Segment Start: DATA LISTING
lemma surj_lincomb_if_spans_over:
  assumes "finite I" "0 \<in> K" "spans_over K (w ` I)"
  shows "(\<lambda>t. \<Sum>i\<in>I. w i * t i) ` PiE I (\<lambda>_. K) = UNIV"
proof -
  have "y \<in> (\<lambda>t. \<Sum>i\<in>I. w i * t i) ` PiE I (\<lambda>_. K)" for y
  proof -
    obtain S c where S: "S \<subseteq> w ` I" "\<forall>s\<in>S. c s \<in> K" "y = (\<Sum>s\<in>S. c s * s)"
      using assms(3) unfolding spans_over_def by blast
    define J where "J = inv_into I w ` S"
    have "J \<subseteq> I" "w ` J = S" "inj_on w J"
      using S(1) by (auto simp: J_def inv_into_into image_inv_into_cancel inj_on_image_inv_into)
    define t where "t = restrict (\<lambda>i. if i \<in> J then c (w i) else 0) I"
    have "(\<Sum>i\<in>I. w i * t i) = y"
      using sum_lincomb_restrict_coeffs[OF assms(1) \<open>J \<subseteq> I\<close> \<open>inj_on w J\<close>, of c] S(3)
      unfolding t_def by (simp only: \<open>w ` J = S\<close>)
    moreover have "t \<in> PiE I (\<lambda>_. K)"
      using S(2) \<open>w ` J = S\<close> assms(2) by (auto simp: t_def)
    ultimately show ?thesis
      by (rule image_eqI[OF sym])
  qed
  then show ?thesis
    by auto
qed

lemma inj_on_if_inj_on_lincomb:
  fixes w :: "'i \<Rightarrow> 'a::semiring_1"
  assumes "finite I" "0 \<in> K" "1 \<in> K" "inj_on (\<lambda>t. \<Sum>i\<in>I. w i * t i) (PiE I (\<lambda>_. K))"
  shows "inj_on w I"
proof (rule inj_onI)
  define e :: "'i \<Rightarrow> 'i \<Rightarrow> 'a" where "e j = restrict (\<lambda>i. if i = j then 1 else 0) I" for j
  have e_in_PiE: "e j \<in> PiE I (\<lambda>_. K)" for j
    using assms(2,3) by (auto simp: e_def)
  have lincomb_e: "(\<Sum>i\<in>I. w i * e j i) = w j" if "j \<in> I" for j
  proof -
    have "(\<Sum>i\<in>I. w i * e j i) = (\<Sum>i\<in>I. if i = j then w j else 0)"
      by (intro sum.cong) (auto simp: e_def)
    then show ?thesis
      using that assms(1) by (simp add: sum.delta')
  qed
  fix i j assume "i \<in> I" "j \<in> I" "w i = w j"
  then have "(\<Sum>k\<in>I. w k * e i k) = (\<Sum>k\<in>I. w k * e j k)"
    using lincomb_e by simp
  then have "e i = e j"
    by (rule inj_onD[OF assms(4) _ e_in_PiE e_in_PiE])
  then show "i = j"
    using \<open>i \<in> I\<close> by (auto simp: e_def dest: fun_cong[of _ _ i] split: if_splits)
qed
(* Let $(\Phi,\mathtt{Prg},\mathrm{AT})$ be a CLC SPL with $\Phi=(\mathcal F,\phi)$. If a judgment $\theta;\Delta\vdash e:T$ occurs in a derivation of $\phi\vdash\mathtt{Prg}\ \textsc{ok}$ in the family-based type system, then $\theta\models\mathrm{AT}(T)$.
   Context: $\theta\models\theta'$ means $\theta\Rightarrow\theta'$ is a valid propositional formula. **Lightweight C (LC).** Types: $T ::= \mathtt{int}\mid \mathtt{void}* \mid \mathtt{struct}\ s*$. Expressions: $e ::= n \mid \mathtt{NULL}\mid x \mid f(e_1,\dots,e_k)$ ($k\ge0$) $\mid e\texttt{->}m \mid e\texttt{->}m=e \mid e\,?\,e:e \mid (e_1,\dots,e_k)$ ($k\ge1$) $\mid \mathsf{uop}\ e\mid e\ \mathsf{bop}\ e\mid \mathtt{MALLOC}(\mathtt{struct}\ s)\mid \mathtt{MFREE}(e)$. A struct definition is $\mathtt{struct}\ s\{T_1\,m_1;\dots;T_k\,m_k;\};$; a function definition is $T_0\ f(T_1\,x_1,\dots,T_k\,x_k)\{\mathtt{return}\ e;\}$; a program $\mathtt{Prg}=\overline{SD}\ \overline{FD}$ is a sequence of struct definitions followed by function definitions (distinct names), regarded as a finite map ($\mathtt{Prg}(s)$, $\mathtt{Prg}(s)(m)=T\,m$, $\mathtt{Prg}(f)$). $\mathtt{Prg}$ is *sane* if every struct name occurring in it is defined, every function name occurring in its function definitions is defined, and $\mathtt{Prg}(\mathtt{main})=\mathtt{int\ main}()\{\mathtt{return}\ e;\}$. Operator types: unary $-:(\mathtt{int})\to\mathtt{int}$, $!:(T)\to\mathtt{int}$; binary arithmetic, logical and ordering operators $(\mathtt{int},\mathtt{int})\to\mathtt{int}$; $==,!=:(T,T)\to\mathtt{int}$. Subtyping $\le$: reflexive closure of $\mathtt{void}*\le\mathtt{struct}\ s*$; $\max_\le$ the greater of two comparable types. **CLC.** Feature model $\Phi=(\mathcal F,\phi)$; annotation table $\mathrm{AT}$ assigns a propositional formula over $\mathcal F$ (default $1$) to each occurrence of: struct definitions, member declarations $T\,m$, function definitions, formal parameter declarations $T\,x$, arguments of function calls, elements of parenthesized sequences. $\mathrm{AT}(\mathtt{int})=\mathrm{AT}(\mathtt{void}* )=1$, $\mathrm{AT}(\mathtt{struct}\ s* )=\mathrm{AT}(\mathtt{Prg}(s))$; $\exists(e_1,\dots,e_n)=\mathrm{AT}(e_1)||\cdots||\mathrm{AT}(e_n)$; $\mathtt{neverLast}(k,(e_1,\dots,e_n))=\,!\mathrm{AT}(e_k)||\mathrm{AT}(e_{k+1})||\cdots||\mathrm{AT}(e_n)$. $\Delta$ maps parameter names to entries $x{:}T$ with $\psi$. Rules: (FT-prg) if $\mathtt{Prg}$ is sane, $\mathrm{AT}(\mathtt{main})=1$, $\mathtt{Prg}=\overline{SD}\,\overline{FD}$, $\phi\,\&\&\,\mathrm{AT}(SD)\vdash SD\ \textsc{ok}$ for each $SD$ and $\phi\,\&\&\,\mathrm{AT}(FD)\vdash FD\ \textsc{ok}$ for each $FD$, then $\phi\vdash\mathtt{Prg}\ \textsc{ok}$. (FT-struct) if $\theta\models\mathrm{AT}(T_i m_i)\Rightarrow\mathrm{AT}(T_i)$ for all $i$ then $\theta\vdash\mathtt{struct}\ s\{\dots\}\ \textsc{ok}$. (FT-fun) if $\theta\models\mathrm{AT}(T_0)$, $\theta\models\mathrm{AT}(T_ix_i)\Rightarrow\mathrm{AT}(T_i)$ for all $i$, $\theta;x_1{:}T_1\text{ with }\mathrm{AT}(T_1x_1),\dots\vdash e:T'$, $T'\le T_0$, then $\theta\vdash T_0f(T_1x_1,\dots,T_kx_k)\{\mathtt{return}\ e;\}\ \textsc{ok}$. (FT-int) $\theta;\Delta\vdash n:\mathtt{int}$; (FT-null) $\theta;\Delta\vdash\mathtt{NULL}:\mathtt{void}*$; (FT-par) $x{:}T$ with $\psi\in\Delta$, $\theta\models\psi$ give $\theta;\Delta\vdash x:T$. (FT-app) $\mathtt{Prg}(f)=T_0f(T_1x_1,\dots,T_kx_k)\{\dots\}$, $\theta\models\mathrm{AT}(\mathtt{Prg}(f))$, and for each $i$: $\theta;\Delta\vdash e_i:T_i'$, $T_i'\le T_i$, $\theta\models\mathrm{AT}(e_i)\Leftrightarrow\mathrm{AT}(T_ix_i)$, give $\theta;\Delta\vdash f(e_1,\dots,e_k):T_0$. (FT-member) $\theta;\Delta\vdash e_0:\mathtt{struct}\ s*$, $\mathtt{Prg}(s)(m)=T\,m$, $\theta\models\mathrm{AT}(T\,m)$ give $\theta;\Delta\vdash e_0\texttt{->}m:T$; (FT-assign) additionally $\theta;\Delta\vdash e_1:T_1$, $T_1\le T$ give $\theta;\Delta\vdash e_0\texttt{->}m=e_1:T$. (FT-cond) $\theta;\Delta\vdash e_j:T_j$ ($j=0,1,2$), $T_3=\max_\le\{T_1,T_2\}$ give $\theta;\Delta\vdash e_0?e_1:e_2:T_3$. (FT-seq) if $\theta\models\exists(e_1,\dots,e_n)$, $\theta\,\&\&\,\mathrm{AT}(e_i);\Delta\vdash e_i:T_i$ for all $i$, $T=T_n$, and $\theta\models\mathtt{neverLast}(i,(e_1,\dots,e_n))$ whenever $T_i\ne T$, then $\theta;\Delta\vdash(e_1,\dots,e_n):T$. (FT-uop) $\theta;\Delta\vdash e_0:T_0$ and $\mathsf{uop}:(T_0)\to\mathtt{int}$ give $\theta;\Delta\vdash\mathsf{uop}\,e_0:\mathtt{int}$; (FT-bop) $\theta;\Delta\vdash e_1:T_1$, $\theta;\Delta\vdash e_2:T_2$, $T_3=\max_\le\{T_1,T_2\}$, $\mathsf{bop}:(T_3,T_3)\to\mathtt{int}$ give $\theta;\Delta\vdash e_1\mathsf{bop}\,e_2:\mathtt{int}$. (FT-malloc) $s$ defined and $\theta\models\mathrm{AT}(\mathtt{Prg}(s))$ give $\theta;\Delta\vdash\mathtt{MALLOC}(\mathtt{struct}\ s):\mathtt{struct}\ s*$. (FT-mfree) $\theta;\Delta\vdash e_0:\mathtt{struct}\ s*$ gives $\theta;\Delta\vdash\mathtt{MFREE}(e_0):\mathtt{void}*$. *)

theory Defs
  imports Main
begin

section \<open>Propositional formulas over the feature set (the type 'f)\<close>

datatype 'f form = FTrue | FFalse | FVar 'f | FNot "'f form" | FAnd "'f form" "'f form"
  | FOr "'f form" "'f form" | FImp "'f form" "'f form" | FIff "'f form" "'f form"

primrec eval :: "('f \<Rightarrow> bool) \<Rightarrow> 'f form \<Rightarrow> bool" where
  "eval v FTrue = True"
| "eval v FFalse = False"
| "eval v (FVar x) = v x"
| "eval v (FNot a) = (\<not> eval v a)"
| "eval v (FAnd a b) = (eval v a \<and> eval v b)"
| "eval v (FOr a b) = (eval v a \<or> eval v b)"
| "eval v (FImp a b) = (eval v a \<longrightarrow> eval v b)"
| "eval v (FIff a b) = (eval v a \<longleftrightarrow> eval v b)"

definition entails :: "'f form \<Rightarrow> 'f form \<Rightarrow> bool" where
  "entails \<theta> \<theta>' \<longleftrightarrow> (\<forall>v. eval v (FImp \<theta> \<theta>'))"
lemma rule_of_extent_implies:
  assumes "((X, C), (Y, D)) \<in> rules_II U M I N J"
  shows "rule_implies (rule_of_extent U M I N J X) ((X, C), (Y, D))"
proof -
  have X: "X \<in> ExtLO U M I" and LP: "(Y, D) \<in> LP U N J" and "X \<subseteq> Y"
    using assms by (simp_all add: mem_rules_II_iff)
  from LP \<open>X \<subseteq> Y\<close> have "abox U N J (odia U N J X) \<subseteq> Y"
    by (rule abox_odia_least)
  with X show ?thesis
    by (simp add: rule_implies_def rule_of_extent_def subset_S1_class_Union
        S1_class_Union_subset_abox_odia)
qed

lemma rule_implies_rule_of_extent_eq:
  assumes X: "X \<in> ExtLO U M I"
    and r: "r \<in> rules_II U M I N J" "rule_implies r (rule_of_extent U M I N J X)"
  shows "r = rule_of_extent U M I N J X"
proof -
  obtain X' C' Y' D' where r_eq: "r = ((X', C'), (Y', D'))"
    by (metis prod.collapse)
  have X': "X' \<in> ExtLO U M I" "C' = obox U M I X'" and LP: "(Y', D') \<in> LP U N J"
    and "X' \<subseteq> Y'"
    using r(1) by (auto simp: r_eq mem_rules_II_iff)
  have W_sub: "\<Union> (S1 U M I N J `` {X}) \<subseteq> X'" and Y'_sub: "Y' \<subseteq> abox U N J (odia U N J X)"
    using r(2) by (auto simp: r_eq rule_implies_def rule_of_extent_def)
  have "X \<subseteq> Y'"
    using subset_S1_class_Union[OF X] W_sub \<open>X' \<subseteq> Y'\<close> by blast
  then have Y': "Y' = abox U N J (odia U N J X)"
    using Y'_sub abox_odia_least[OF LP] by blast
  have "D' = odia U N J Y'"
    using LP unfolding mem_LP_iff by (elim conjE)
  then have D': "D' = odia U N J X"
    using Y' odia_abox_odia[OF ExtLO_subset[OF X]] by simp
  have "odia U N J X' \<subseteq> odia U N J X"
    using \<open>X' \<subseteq> Y'\<close> Y' X'(1) by (simp add: odia_subset_iff_subset_abox ExtLO_subset)
  moreover have "odia U N J X \<subseteq> odia U N J X'"
    using odia_mono[OF W_sub, of U N J] odia_S1_class_Union[OF X, of N J] by simp
  ultimately have "X' \<subseteq> \<Union> (S1 U M I N J `` {X})"
    by (intro S1_class_Union_greatest[OF X X'(1)]) (rule subset_antisym)
  then have "X' = \<Union> (S1 U M I N J `` {X})"
    using W_sub by (rule subset_antisym)
  then show ?thesis
    using r_eq X'(2) Y' D' by (simp add: rule_of_extent_def)
qed

lemma necessary_rules_II_eq_image_rule_of_extent:
  "necessary_rules_II U M I N J = rule_of_extent U M I N J ` ExtLO U M I"
proof (intro equalityI subsetI)
  fix r assume nec: "r \<in> necessary_rules_II U M I N J"
  obtain X C Y D where r_eq: "r = ((X, C), (Y, D))"
    by (metis prod.collapse)
  have r: "((X, C), (Y, D)) \<in> rules_II U M I N J"
    using nec by (simp add: necessary_rules_II_def r_eq)
  then have X: "X \<in> ExtLO U M I"
    by (simp add: mem_rules_II_iff)
  have "rule_of_extent U M I N J X \<notin> rules_II U M I N J - {r}"
    using nec rule_of_extent_implies[OF r] by (auto simp: necessary_rules_II_def r_eq)
  then have "r = rule_of_extent U M I N J X"
    using rule_of_extent_in_rules_II[OF X] by blast
  then show "r \<in> rule_of_extent U M I N J ` ExtLO U M I"
    using X by blast
next
  fix r assume "r \<in> rule_of_extent U M I N J ` ExtLO U M I"
  then obtain X where X: "X \<in> ExtLO U M I" and r_eq: "r = rule_of_extent U M I N J X"
    by blast
  have "\<not> (\<exists>r1 \<in> rules_II U M I N J - {r}. rule_implies r1 r)"
    using rule_implies_rule_of_extent_eq[OF X] unfolding r_eq by blast
  then show "r \<in> necessary_rules_II U M I N J"
    using rule_of_extent_in_rules_II[OF X] unfolding necessary_rules_II_def r_eq by blast
qed

theorem theorem4p3:
  fixes U :: "'u set" and M :: "'m set" and I :: "('u \<times> 'm) set"
    and N :: "'n set" and J :: "('u \<times> 'n) set"
  assumes "formal_decision_context U M I N J"
  shows "necessary_rules_II U M I N J =
    {((\<Union> (S1 U M I N J `` {X}), obox U M I (\<Union> (S1 U M I N J `` {X}))),
      (abox U N J (odia U N J X), odia U N J X)) | X. X \<in> ExtLO U M I}"
  by (simp add: necessary_rules_II_eq_image_rule_of_extent rule_of_extent_def Setcompr_eq_image)

end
Segment End: DATA LISTING
▶ [ABOUT THIS EXERCISE]
The lines above, from the start of the records through the one containing "using S(2) \<open>w", are to be printed exactly, and nothing else is to be included.

▶ [ANSWER BELOW]
lemma surj_lincomb_if_spans_over:
  assumes "finite I" "0 \<in> K" "spans_over K (w ` I)"
  shows "(\<lambda>t. \<Sum>i\<in>I. w i * t i) ` PiE I (\<lambda>_. K) = UNIV"
proof -
  have "y \<in> (\<lambda>t. \<Sum>i\<in>I. w i * t i) ` PiE I (\<lambda>_. K)" for y
  proof -
    obtain S c where S: "S \<subseteq> w ` I" "\<forall>s\<in>S. c s \<in> K" "y = (\<Sum>s\<in>S. c s * s)"
      using assms(3) unfolding spans_over_def by blast
    define J where "J = inv_into I w ` S"
    have "J \<subseteq> I" "w ` J = S" "inj_on w J"
      using S(1) by (auto simp: J_def inv_into_into image_inv_into_cancel inj_on_image_inv_into)
    define t where "t = restrict (\<lambda>i. if i \<in> J then c (w i) else 0) I"
    have "(\<Sum>i\<in>I. w i * t i) = y"
      using sum_lincomb_restrict_coeffs[OF assms(1) \<open>J \<subseteq> I\<close> \<open>inj_on w J\<close>, of c] S(3)
      unfolding t_def by (simp only: \<open>w ` J = S\<close>)
    moreover have "t \<in> PiE I (\<lambda>_. K)"
      using S(2) \<open>w ` J = S\<close> assms(2) by (auto simp: t_def)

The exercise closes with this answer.